Content starts
(* Let $d\ge2$, let $\mu\ge0$ be a finite measure with compact support in $\mathbb{R}^d$ and $\mu\ll\mathcal{L}^d$, let $\lambda,\varepsilon>0$, $p\ge1$, let $\varphi$ be a minimizer of $\mathcal{E}_\mu^{\lambda,\varepsilon,p}$ over $\mathcal{C}$, and let $t\in(0,L(\varphi))$. Then the mass projecting on $\{\varphi(t)\}$ in $\Gamma_\varphi$ is zero: $\mu\big(\pi_{\Gamma_\varphi}^{-1}(\{\varphi(t)\})\big)=0$.
   Context: $\mathcal{C}$ denotes the set of curves $\varphi:[0,a]\to\mathbb{R}^d$, $a\ge 0$, that are Lipschitz with $|\varphi'|=1$ a.e.; the length $L(\varphi)$ is its total variation, which equals $a$. $\Gamma_\varphi$ is the image of $\varphi$, $d(x,\Gamma)=\inf_{y\in\Gamma}|x-y|$, and $\kappa_\varphi=\varphi''$. The functional is $\mathcal{E}_\mu^{\lambda,\varepsilon,p}(\varphi)=\int d(x,\Gamma_\varphi)^p\,d\mu+\lambda L(\varphi)+\varepsilon\int_0^{L(\varphi)}|\kappa_\varphi|^2dt$ if $\varphi\in H^2([0,L(\varphi)];\mathbb{R}^d)\cap\mathcal{C}$ and $+\infty$ otherwise (a single-point curve has curvature term $0$). For a compact set $\Sigma$, $\Pi_\Sigma(x)=\{y\in\Sigma:|x-y|=d(x,\Sigma)\}$; when $\Pi_\Sigma(x)$ is a singleton $\{y\}$ one writes $\pi_\Sigma(x)=y$. For $B\subseteq\Sigma$, $\pi_\Sigma^{-1}(B):=\{x\in\mathbb{R}^d:\Pi_\Sigma(x)=\{y\}\text{ for some }y\in B\}$, and $\mu(\pi_\Sigma^{-1}(B))$ is called the mass projecting on $B$ in $\Sigma$ (for $\mu\ll\mathcal{L}^d$ and $\Sigma$ a compact connected set of finite length, $\Pi_\Sigma(x)$ is a singleton for $\mu$-a.e. $x$). *)

theory Defs
  imports "HOL-Analysis.Analysis"
begin

text \<open>A curve is represented by its length a and a map phi :: real => 'a,
  of which only the restriction to [0,a] matters.\<close>

definition curve_class :: "real \<Rightarrow> (real \<Rightarrow> 'a::euclidean_space) \<Rightarrow> bool" where
  "curve_class a \<phi> \<longleftrightarrow> a \<ge> 0 \<and> (\<exists>C. lipschitz_on C {0..a} \<phi>) \<and>
     (AE t in lborel. t \<in> {0..a} \<longrightarrow>
        (\<exists>v. (\<phi> has_vector_derivative v) (at t within {0..a}) \<and> norm v = 1))"

text \<open>H^2 on [0,a]: phi is the integral of an absolutely continuous phi1 whose
  derivative kappa is square integrable; kappa is then the second derivative.\<close>

definition H2_witness :: "real \<Rightarrow> (real \<Rightarrow> 'a::euclidean_space) \<Rightarrow> (real \<Rightarrow> 'a) \<Rightarrow> bool" where
  "H2_witness a \<phi> \<kappa> \<longleftrightarrow> \<kappa> \<in> borel_measurable lborel \<and>
     set_integrable lborel {0..a} \<kappa> \<and>
     set_integrable lborel {0..a} (\<lambda>s. norm (\<kappa> s) ^ 2) \<and>
     (\<exists>\<phi>1. set_integrable lborel {0..a} \<phi>1 \<and>
        (\<forall>t\<in>{0..a}. \<phi>1 t = \<phi>1 0 + (LINT s:{0..t}|lborel. \<kappa> s)) \<and>
        (\<forall>t\<in>{0..a}. \<phi> t = \<phi> 0 + (LINT s:{0..t}|lborel. \<phi>1 s)))"

definition in_H2 :: "real \<Rightarrow> (real \<Rightarrow> 'a::euclidean_space) \<Rightarrow> bool" where
  "in_H2 a \<phi> \<longleftrightarrow> (\<exists>\<kappa>. H2_witness a \<phi> \<kappa>)"

definition curvature_energy :: "real \<Rightarrow> (real \<Rightarrow> 'a::euclidean_space) \<Rightarrow> real" where
  "curvature_energy a \<phi> =
     (LINT s:{0..a}|lborel. norm ((SOME \<kappa>. H2_witness a \<phi> \<kappa>) s) ^ 2)"

definition energy ::
  "'a::euclidean_space measure \<Rightarrow> real \<Rightarrow> real \<Rightarrow> real \<Rightarrow> real \<Rightarrow> (real \<Rightarrow> 'a) \<Rightarrow> ennreal" where
  "energy \<mu> lam eps p a \<phi> =
     (if curve_class a \<phi> \<and> in_H2 a \<phi> then
        (\<integral>\<^sup>+ x. ennreal (infdist x (\<phi> ` {0..a}) powr p) \<partial>\<mu>)
        + ennreal (lam * a) + ennreal (eps * curvature_energy a \<phi>)
      else top)"

definition proj_preimage :: "'a::metric_space set \<Rightarrow> 'a set \<Rightarrow> 'a set" where
  "proj_preimage \<Sigma> B =
     {x. \<exists>y\<in>B. {z\<in>\<Sigma>. dist x z = infdist x \<Sigma>} = {y}}"

end

theory Submission
  imports Defs
begin

text \<open>A minimizer has finite energy, so it lies in \<open>H\<^sup>2\<close> and is therefore \<open>C\<^sup>1\<close> with unit
  speed. If the nearest point of \<open>\<Gamma>\<^sub>\<phi>\<close> to \<open>x\<close> is the interior point \<open>\<phi> t\<close>, then
  \<open>s \<mapsto> |x - \<phi> s|\<^sup>2\<close> has a local minimum at \<open>t\<close>, so \<open>x - \<phi> t\<close> is orthogonal to \<open>\<phi>' t \<noteq> 0\<close>.
  Hence the mass projecting on \<open>\<phi> t\<close> lives on an affine hyperplane, which is Lebesgue-null.\<close>

lemma curve_class_point: "curve_class 0 (\<lambda>_. c)"
  unfolding curve_class_def
proof (intro conjI)
  show "\<exists>C. C-lipschitz_on {0..0} (\<lambda>_. c)" using lipschitz_on_constant by blast
  show "AE t in lborel. t \<in> {0..0::real} \<longrightarrow>
      (\<exists>v. ((\<lambda>_. c) has_vector_derivative v) (at t within {0..0}) \<and> norm v = 1)"
    using AE_lborel_singleton[of 0] by eventually_elim auto
qed simp

lemma in_H2_point: "in_H2 0 (\<lambda>_. c)"
  unfolding in_H2_def H2_witness_def
  by (rule exI[of _ "\<lambda>_. 0"]) (auto simp: set_integrable_def intro!: exI[of _ "\<lambda>_. 0"])

lemma energy_point_less_top:
  fixes \<mu> :: "'a::euclidean_space measure"
  assumes "sets \<mu> = sets borel" "finite_measure \<mu>"
    and "compact K" "emeasure \<mu> (UNIV - K) = 0" "p \<ge> 0"
  shows "energy \<mu> lam eps p 0 (\<lambda>_. c) < top"
proof -
  obtain R where R: "\<And>x. x \<in> K \<Longrightarrow> norm x \<le> R"
    using assms(3) by (meson bounded_iff compact_imp_bounded)
  have "UNIV - K \<in> sets \<mu>"
    using assms(1,3) by (simp add: compact_imp_closed sets.compl_sets)
  then have "AE x in \<mu>. x \<in> K"
    by (intro AE_I'[of "UNIV - K"]) (use assms(4) in auto)
  then have "AE x in \<mu>. ennreal (infdist x ((\<lambda>_. c) ` {0..0::real}) powr p)
      \<le> ennreal ((R + norm c) powr p)"
  proof eventually_elim
    case (elim x)
    have "infdist x ((\<lambda>_. c) ` {0..0::real}) = norm (x - c)"
      by (simp add: infdist_singleton dist_norm)
    also have "\<dots> \<le> R + norm c"
      using R[OF elim] norm_triangle_ineq4[of x c] by linarith
    finally show ?case using assms(5) by (simp add: powr_mono2 ennreal_leI)
  qed
  then have "(\<integral>\<^sup>+ x. ennreal (infdist x ((\<lambda>_. c) ` {0..0::real}) powr p) \<partial>\<mu>)
      \<le> (\<integral>\<^sup>+ x. ennreal ((R + norm c) powr p) \<partial>\<mu>)"
    by (rule nn_integral_mono_AE)
  also have "\<dots> < top"
    using finite_measure.emeasure_finite[OF assms(2), of "space \<mu>"]
    by (simp add: nn_integral_const ennreal_mult_less_top top.not_eq_extremum)
  finally show ?thesis
    using curve_class_point[of c] in_H2_point[of c] unfolding energy_def
    by (simp add: ennreal_add_less_top)
qed

lemma in_H2_if_energy_less_top: "energy \<mu> lam eps p a \<phi> < top \<Longrightarrow> in_H2 a \<phi>"
  unfolding energy_def by (auto split: if_splits)

lemma set_integral_Icc_eq_integral:
  fixes f :: "real \<Rightarrow> 'a::euclidean_space"
  assumes "set_integrable lborel {a..b} f" "s \<in> {a..b}"
  shows "(LINT u:{a..s}|lborel. f u) = integral {a..s} f"
  using assms by (intro set_borel_integral_eq_integral(2) set_integrable_subset[OF assms(1)]) auto

lemma continuous_on_indefinite_set_integral:
  fixes f :: "real \<Rightarrow> 'a::euclidean_space"
  assumes "set_integrable lborel {a..b} f"
  shows "continuous_on {a..b} (\<lambda>s. LINT u:{a..s}|lborel. f u)"
  using indefinite_integral_continuous_1[OF set_borel_integral_eq_integral(1)[OF assms]]
  by (rule continuous_on_eq) (simp add: set_integral_Icc_eq_integral[OF assms])

lemma indefinite_set_integral_has_vector_derivative:
  fixes f :: "real \<Rightarrow> 'a::euclidean_space"
  assumes "set_integrable lborel {a..b} f" "continuous_on {a..b} f" "s \<in> {a<..<b}"
  shows "((\<lambda>s. LINT u:{a..s}|lborel. f u) has_vector_derivative f s) (at s)"
proof -
  have "((\<lambda>s. integral {a..s} f) has_vector_derivative f s) (at s)"
    using integral_has_vector_derivative[OF assms(2), of s] assms(3)
    by (simp add: at_within_Icc_at)
  then show ?thesis
    by (rule has_vector_derivative_transform_within_open[OF _ open_greaterThanLessThan assms(3)])
      (simp add: set_integral_Icc_eq_integral[OF assms(1)])
qed

lemma H2_witness_imp_C1:
  assumes "H2_witness a \<phi> \<kappa>"
  obtains \<phi>' where "continuous_on {0..a} \<phi>'"
    and "\<And>s. s \<in> {0<..<a} \<Longrightarrow> (\<phi> has_vector_derivative \<phi>' s) (at s)"
proof -
  obtain \<phi>' where \<kappa>: "set_integrable lborel {0..a} \<kappa>"
    and \<phi>'_int: "set_integrable lborel {0..a} \<phi>'"
    and \<phi>'_eq: "\<forall>s\<in>{0..a}. \<phi>' s = \<phi>' 0 + (LINT u:{0..s}|lborel. \<kappa> u)"
    and \<phi>_eq: "\<forall>s\<in>{0..a}. \<phi> s = \<phi> 0 + (LINT u:{0..s}|lborel. \<phi>' u)"
    using assms unfolding H2_witness_def by (elim conjE exE) blast
  have "continuous_on {0..a} (\<lambda>s. \<phi>' 0 + (LINT u:{0..s}|lborel. \<kappa> u))"
    using continuous_on_indefinite_set_integral[OF \<kappa>] by (intro continuous_intros)
  then have cont: "continuous_on {0..a} \<phi>'"
    by (rule continuous_on_eq) (auto intro!: \<phi>'_eq[rule_format, symmetric])
  have "(\<phi> has_vector_derivative \<phi>' s) (at s)" if "s \<in> {0<..<a}" for s
  proof (rule has_vector_derivative_transform_within_open[OF _ open_greaterThanLessThan that])
    show "((\<lambda>s. \<phi> 0 + (LINT u:{0..s}|lborel. \<phi>' u)) has_vector_derivative \<phi>' s) (at s)"
      using indefinite_set_integral_has_vector_derivative[OF \<phi>'_int cont that]
      by (rule has_vector_derivative_add[OF has_vector_derivative_const, simplified])
  qed (auto intro!: \<phi>_eq[rule_format, symmetric])
  with cont show ?thesis using that by blast
qed

lemma AE_lborel_eq_imp_eq_on_open:
  fixes f :: "'a::euclidean_space \<Rightarrow> 'b::t1_space"
  assumes "open U" "continuous_on U f" "AE x in lborel. x \<in> U \<longrightarrow> f x = c" "x \<in> U"
  shows "f x = c"
proof -
  obtain N where N: "N \<in> null_sets lborel" "{x. \<not> (x \<in> U \<longrightarrow> f x = c)} \<subseteq> N"
    using assms(3) unfolding eventually_ae_filter by auto
  have "negligible N"
    using null_sets_completionI[OF N(1)] by (simp add: negligible_iff_null_sets)
  then have "negligible (U \<inter> f -` (- {c}))"
    by (rule negligible_subset) (use N(2) in auto)
  moreover have "open (U \<inter> f -` (- {c}))"
    by (rule continuous_open_preimage[OF assms(2,1)]) auto
  ultimately have "U \<inter> f -` (- {c}) = {}"
    using open_not_negligible by blast
  then show ?thesis using assms(4) by blast
qed

lemma curve_class_unit_speed:
  assumes "curve_class a \<phi>" "continuous_on {0..a} \<phi>'"
    and "\<And>s. s \<in> {0<..<a} \<Longrightarrow> (\<phi> has_vector_derivative \<phi>' s) (at s)"
    and "t \<in> {0<..<a}"
  shows "norm (\<phi>' t) = 1"
proof (rule AE_lborel_eq_imp_eq_on_open[of "{0<..<a}" "\<lambda>s. norm (\<phi>' s)"])
  show "continuous_on {0<..<a} (\<lambda>s. norm (\<phi>' s))"
    using assms(2) by (intro continuous_intros) (auto elim: continuous_on_subset)
  have "AE s in lborel. s \<in> {0..a} \<longrightarrow>
      (\<exists>v. (\<phi> has_vector_derivative v) (at s within {0..a}) \<and> norm v = 1)"
    using assms(1) unfolding curve_class_def by blast
  then show "AE s in lborel. s \<in> {0<..<a} \<longrightarrow> norm (\<phi>' s) = 1"
  proof eventually_elim
    case (elim s)
    show ?case
    proof
      assume s: "s \<in> {0<..<a}"
      then obtain v where "(\<phi> has_vector_derivative v) (at s)" "norm v = 1"
        using elim by (auto simp: at_within_Icc_at)
      then show "norm (\<phi>' s) = 1"
        using vector_derivative_unique_at assms(3)[OF s] by metis
    qed
  qed
qed (use assms(4) in auto)

lemma nearest_point_orthogonal_derivative:
  fixes \<gamma> :: "real \<Rightarrow> 'a::real_inner"
  assumes "(\<gamma> has_vector_derivative v) (at t)" "t \<in> interior S"
    and "\<And>s. s \<in> S \<Longrightarrow> dist x (\<gamma> t) \<le> dist x (\<gamma> s)"
  shows "v \<bullet> x = v \<bullet> \<gamma> t"
proof -
  obtain d where d: "d > 0" "ball t d \<subseteq> S"
    using assms(2) by (meson mem_interior)
  define g where "g s = (x - \<gamma> s) \<bullet> (x - \<gamma> s)" for s
  have "((\<lambda>s. x - \<gamma> s) has_derivative (\<lambda>h. - (h *\<^sub>R v))) (at t)"
    using has_derivative_diff[OF has_derivative_const[of x] assms(1)[unfolded has_vector_derivative_def]]
    by simp
  from has_derivative_inner[OF this this]
  have "(g has_real_derivative - 2 * ((x - \<gamma> t) \<bullet> v)) (at t)"
    unfolding g_def has_field_derivative_def
    by (rule has_derivative_eq_rhs) (auto simp: fun_eq_iff inner_commute algebra_simps)
  then have "- 2 * ((x - \<gamma> t) \<bullet> v) = 0"
  proof (rule DERIV_local_min[OF _ d(1)], intro allI impI)
    fix s assume "\<bar>t - s\<bar> < d"
    then have "s \<in> S" using d(2) by (auto simp: dist_real_def)
    then show "g t \<le> g s"
      using assms(3) unfolding g_def
      by (simp add: dist_norm power_mono flip: power2_norm_eq_inner)
  qed
  then show ?thesis by (simp add: inner_diff_right inner_commute)
qed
Content ends
(What you will do): What is the number of lines in the data that include the word "case"? State only that number.

(Solution below): 4